Once the line with "times are isolated, hence" is found in the data, output it and each following line exactly, up to and including the line with "theorem for a", and nothing before or after.

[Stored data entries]
—————

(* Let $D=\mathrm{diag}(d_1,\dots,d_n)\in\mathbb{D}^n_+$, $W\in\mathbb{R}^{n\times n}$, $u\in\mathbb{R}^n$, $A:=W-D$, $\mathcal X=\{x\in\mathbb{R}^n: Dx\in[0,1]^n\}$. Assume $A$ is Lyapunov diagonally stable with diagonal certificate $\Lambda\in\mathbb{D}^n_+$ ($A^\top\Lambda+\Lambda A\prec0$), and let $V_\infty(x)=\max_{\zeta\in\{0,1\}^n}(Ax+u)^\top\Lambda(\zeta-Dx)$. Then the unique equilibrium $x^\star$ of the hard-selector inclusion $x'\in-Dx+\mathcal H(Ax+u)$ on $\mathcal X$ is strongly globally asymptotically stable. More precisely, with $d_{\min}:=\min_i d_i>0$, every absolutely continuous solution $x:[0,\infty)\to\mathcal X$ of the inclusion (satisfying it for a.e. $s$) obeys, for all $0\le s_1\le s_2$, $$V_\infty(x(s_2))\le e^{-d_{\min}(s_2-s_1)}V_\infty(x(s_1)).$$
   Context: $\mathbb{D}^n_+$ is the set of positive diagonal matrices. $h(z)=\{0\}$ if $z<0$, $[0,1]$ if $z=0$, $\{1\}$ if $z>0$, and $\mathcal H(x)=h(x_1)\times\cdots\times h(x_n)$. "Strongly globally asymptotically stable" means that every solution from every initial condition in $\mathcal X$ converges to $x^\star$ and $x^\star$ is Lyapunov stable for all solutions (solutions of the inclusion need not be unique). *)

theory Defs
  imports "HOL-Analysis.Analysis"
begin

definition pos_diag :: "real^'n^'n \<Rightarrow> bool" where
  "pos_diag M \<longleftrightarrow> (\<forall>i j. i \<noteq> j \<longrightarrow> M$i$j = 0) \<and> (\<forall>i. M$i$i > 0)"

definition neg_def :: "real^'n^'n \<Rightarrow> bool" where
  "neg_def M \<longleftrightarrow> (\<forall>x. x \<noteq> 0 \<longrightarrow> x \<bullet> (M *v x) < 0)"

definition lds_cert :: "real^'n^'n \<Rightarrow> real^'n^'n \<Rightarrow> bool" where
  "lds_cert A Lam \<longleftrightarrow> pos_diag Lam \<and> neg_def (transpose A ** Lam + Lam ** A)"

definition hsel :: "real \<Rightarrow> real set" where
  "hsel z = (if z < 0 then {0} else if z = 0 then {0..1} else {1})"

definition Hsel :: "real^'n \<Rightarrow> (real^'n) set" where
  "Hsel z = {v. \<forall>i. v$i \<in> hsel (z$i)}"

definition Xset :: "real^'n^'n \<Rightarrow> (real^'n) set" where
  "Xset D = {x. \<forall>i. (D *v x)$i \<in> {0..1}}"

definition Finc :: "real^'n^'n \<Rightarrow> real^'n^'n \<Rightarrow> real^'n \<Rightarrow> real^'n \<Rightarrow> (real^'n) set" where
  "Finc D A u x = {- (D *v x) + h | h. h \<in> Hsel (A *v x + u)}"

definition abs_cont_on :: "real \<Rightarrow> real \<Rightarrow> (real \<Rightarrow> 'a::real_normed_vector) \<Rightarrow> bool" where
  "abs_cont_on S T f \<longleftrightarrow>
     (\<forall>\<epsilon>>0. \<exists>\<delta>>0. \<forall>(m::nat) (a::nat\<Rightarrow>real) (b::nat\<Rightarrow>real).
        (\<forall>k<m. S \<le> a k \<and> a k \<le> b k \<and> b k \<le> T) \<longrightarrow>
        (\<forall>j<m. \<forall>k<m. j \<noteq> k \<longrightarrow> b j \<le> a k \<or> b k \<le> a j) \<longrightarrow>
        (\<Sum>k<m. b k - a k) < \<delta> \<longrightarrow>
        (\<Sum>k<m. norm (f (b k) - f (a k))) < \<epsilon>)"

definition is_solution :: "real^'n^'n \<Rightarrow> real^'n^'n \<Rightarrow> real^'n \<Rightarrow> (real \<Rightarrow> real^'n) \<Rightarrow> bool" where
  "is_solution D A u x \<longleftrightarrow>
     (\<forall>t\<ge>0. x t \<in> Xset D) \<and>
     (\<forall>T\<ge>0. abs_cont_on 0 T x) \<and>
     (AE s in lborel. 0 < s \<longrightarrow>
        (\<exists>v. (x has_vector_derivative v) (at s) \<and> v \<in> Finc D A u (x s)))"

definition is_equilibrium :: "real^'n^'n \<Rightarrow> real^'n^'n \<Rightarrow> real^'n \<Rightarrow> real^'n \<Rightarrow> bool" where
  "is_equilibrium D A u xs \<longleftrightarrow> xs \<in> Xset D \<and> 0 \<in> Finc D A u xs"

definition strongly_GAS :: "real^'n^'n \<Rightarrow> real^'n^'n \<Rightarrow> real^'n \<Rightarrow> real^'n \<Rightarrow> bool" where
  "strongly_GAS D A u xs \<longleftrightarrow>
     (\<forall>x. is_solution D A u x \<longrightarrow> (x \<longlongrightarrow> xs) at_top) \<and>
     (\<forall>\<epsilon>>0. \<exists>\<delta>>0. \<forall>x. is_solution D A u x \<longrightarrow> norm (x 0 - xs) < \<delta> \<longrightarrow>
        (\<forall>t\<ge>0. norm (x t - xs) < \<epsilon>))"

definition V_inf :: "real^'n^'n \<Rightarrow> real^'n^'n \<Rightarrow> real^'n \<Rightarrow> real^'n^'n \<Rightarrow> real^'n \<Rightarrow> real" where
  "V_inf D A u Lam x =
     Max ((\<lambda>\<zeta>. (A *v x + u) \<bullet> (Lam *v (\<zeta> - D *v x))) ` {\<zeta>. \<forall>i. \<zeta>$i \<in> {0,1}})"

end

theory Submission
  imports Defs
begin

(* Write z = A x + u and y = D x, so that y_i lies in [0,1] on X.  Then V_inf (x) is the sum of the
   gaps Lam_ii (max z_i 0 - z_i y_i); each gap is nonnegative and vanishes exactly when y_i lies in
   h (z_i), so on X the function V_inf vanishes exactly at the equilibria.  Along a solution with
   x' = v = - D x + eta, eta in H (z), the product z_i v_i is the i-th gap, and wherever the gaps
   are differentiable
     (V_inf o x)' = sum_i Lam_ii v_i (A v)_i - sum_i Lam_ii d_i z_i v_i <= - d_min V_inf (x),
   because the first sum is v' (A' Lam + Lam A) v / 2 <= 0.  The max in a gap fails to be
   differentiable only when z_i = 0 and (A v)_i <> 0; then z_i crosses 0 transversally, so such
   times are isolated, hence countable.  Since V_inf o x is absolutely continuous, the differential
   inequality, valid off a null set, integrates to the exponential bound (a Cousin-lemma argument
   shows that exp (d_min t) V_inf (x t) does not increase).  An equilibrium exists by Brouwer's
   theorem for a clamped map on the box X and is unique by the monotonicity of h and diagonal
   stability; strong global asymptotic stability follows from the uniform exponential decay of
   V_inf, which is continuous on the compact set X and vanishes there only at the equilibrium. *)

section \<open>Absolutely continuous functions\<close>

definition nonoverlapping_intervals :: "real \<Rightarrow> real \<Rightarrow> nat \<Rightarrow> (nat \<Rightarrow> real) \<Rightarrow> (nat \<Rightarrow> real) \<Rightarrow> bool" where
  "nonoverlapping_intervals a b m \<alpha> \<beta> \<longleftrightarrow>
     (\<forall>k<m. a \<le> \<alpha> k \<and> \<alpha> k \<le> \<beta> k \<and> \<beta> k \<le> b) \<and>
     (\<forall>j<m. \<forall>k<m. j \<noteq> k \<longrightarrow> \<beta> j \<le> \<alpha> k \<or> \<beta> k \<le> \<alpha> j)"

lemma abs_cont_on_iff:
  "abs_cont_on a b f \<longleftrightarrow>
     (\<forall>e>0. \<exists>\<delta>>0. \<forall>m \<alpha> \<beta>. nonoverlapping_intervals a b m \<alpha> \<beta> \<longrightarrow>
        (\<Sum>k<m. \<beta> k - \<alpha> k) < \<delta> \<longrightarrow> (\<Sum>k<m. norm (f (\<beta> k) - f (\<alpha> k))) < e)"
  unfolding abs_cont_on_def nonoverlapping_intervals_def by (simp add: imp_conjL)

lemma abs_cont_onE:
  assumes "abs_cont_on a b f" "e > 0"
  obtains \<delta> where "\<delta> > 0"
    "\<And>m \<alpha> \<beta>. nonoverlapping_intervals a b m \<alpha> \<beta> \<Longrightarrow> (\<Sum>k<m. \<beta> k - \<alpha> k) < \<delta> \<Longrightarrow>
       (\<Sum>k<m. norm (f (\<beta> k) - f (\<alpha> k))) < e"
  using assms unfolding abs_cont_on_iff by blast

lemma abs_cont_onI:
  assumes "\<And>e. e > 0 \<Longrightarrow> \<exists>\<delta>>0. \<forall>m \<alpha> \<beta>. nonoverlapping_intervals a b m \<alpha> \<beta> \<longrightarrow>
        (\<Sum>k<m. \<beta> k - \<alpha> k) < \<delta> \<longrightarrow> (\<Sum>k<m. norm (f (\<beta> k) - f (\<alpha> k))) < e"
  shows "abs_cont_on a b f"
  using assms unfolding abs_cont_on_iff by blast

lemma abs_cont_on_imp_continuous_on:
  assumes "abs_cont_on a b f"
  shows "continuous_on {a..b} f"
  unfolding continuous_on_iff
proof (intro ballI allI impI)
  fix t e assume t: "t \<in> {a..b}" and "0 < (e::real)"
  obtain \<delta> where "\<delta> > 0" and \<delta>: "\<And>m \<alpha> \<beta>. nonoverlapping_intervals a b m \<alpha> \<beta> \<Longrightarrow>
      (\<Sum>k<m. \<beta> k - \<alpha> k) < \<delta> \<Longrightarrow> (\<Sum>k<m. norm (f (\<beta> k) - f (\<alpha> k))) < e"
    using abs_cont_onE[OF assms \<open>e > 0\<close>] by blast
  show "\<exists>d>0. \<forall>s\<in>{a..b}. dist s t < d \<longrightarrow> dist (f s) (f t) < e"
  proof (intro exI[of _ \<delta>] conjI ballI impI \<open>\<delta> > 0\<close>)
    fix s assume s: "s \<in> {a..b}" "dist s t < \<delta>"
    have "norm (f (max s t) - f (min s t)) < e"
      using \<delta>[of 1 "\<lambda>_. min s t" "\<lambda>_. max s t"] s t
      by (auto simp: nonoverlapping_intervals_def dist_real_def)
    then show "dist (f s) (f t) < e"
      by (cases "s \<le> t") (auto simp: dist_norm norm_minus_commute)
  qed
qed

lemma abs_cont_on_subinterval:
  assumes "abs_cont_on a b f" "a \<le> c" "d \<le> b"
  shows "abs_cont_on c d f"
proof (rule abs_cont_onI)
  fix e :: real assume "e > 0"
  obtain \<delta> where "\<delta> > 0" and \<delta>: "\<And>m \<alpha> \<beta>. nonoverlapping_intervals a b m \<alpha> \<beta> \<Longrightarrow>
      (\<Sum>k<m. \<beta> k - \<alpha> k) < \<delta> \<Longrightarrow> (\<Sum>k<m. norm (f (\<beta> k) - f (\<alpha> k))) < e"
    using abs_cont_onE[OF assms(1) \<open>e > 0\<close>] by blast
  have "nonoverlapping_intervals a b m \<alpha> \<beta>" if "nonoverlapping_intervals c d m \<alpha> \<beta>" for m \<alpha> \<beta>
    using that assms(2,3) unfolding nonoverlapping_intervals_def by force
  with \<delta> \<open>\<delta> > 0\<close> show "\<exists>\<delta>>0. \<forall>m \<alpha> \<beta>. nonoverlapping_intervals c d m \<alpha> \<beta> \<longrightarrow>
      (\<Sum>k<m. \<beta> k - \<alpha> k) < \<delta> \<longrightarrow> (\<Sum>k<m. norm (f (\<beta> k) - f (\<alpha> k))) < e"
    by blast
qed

—————

OUTPUT OF THE TASK:
   times are isolated, hence countable.  Since V_inf o x is absolutely continuous, the differential
   inequality, valid off a null set, integrates to the exponential bound (a Cousin-lemma argument
   shows that exp (d_min t) V_inf (x t) does not increase).  An equilibrium exists by Brouwer's
   theorem for a clamped map on the box X and is unique by the monotonicity of h and diagonal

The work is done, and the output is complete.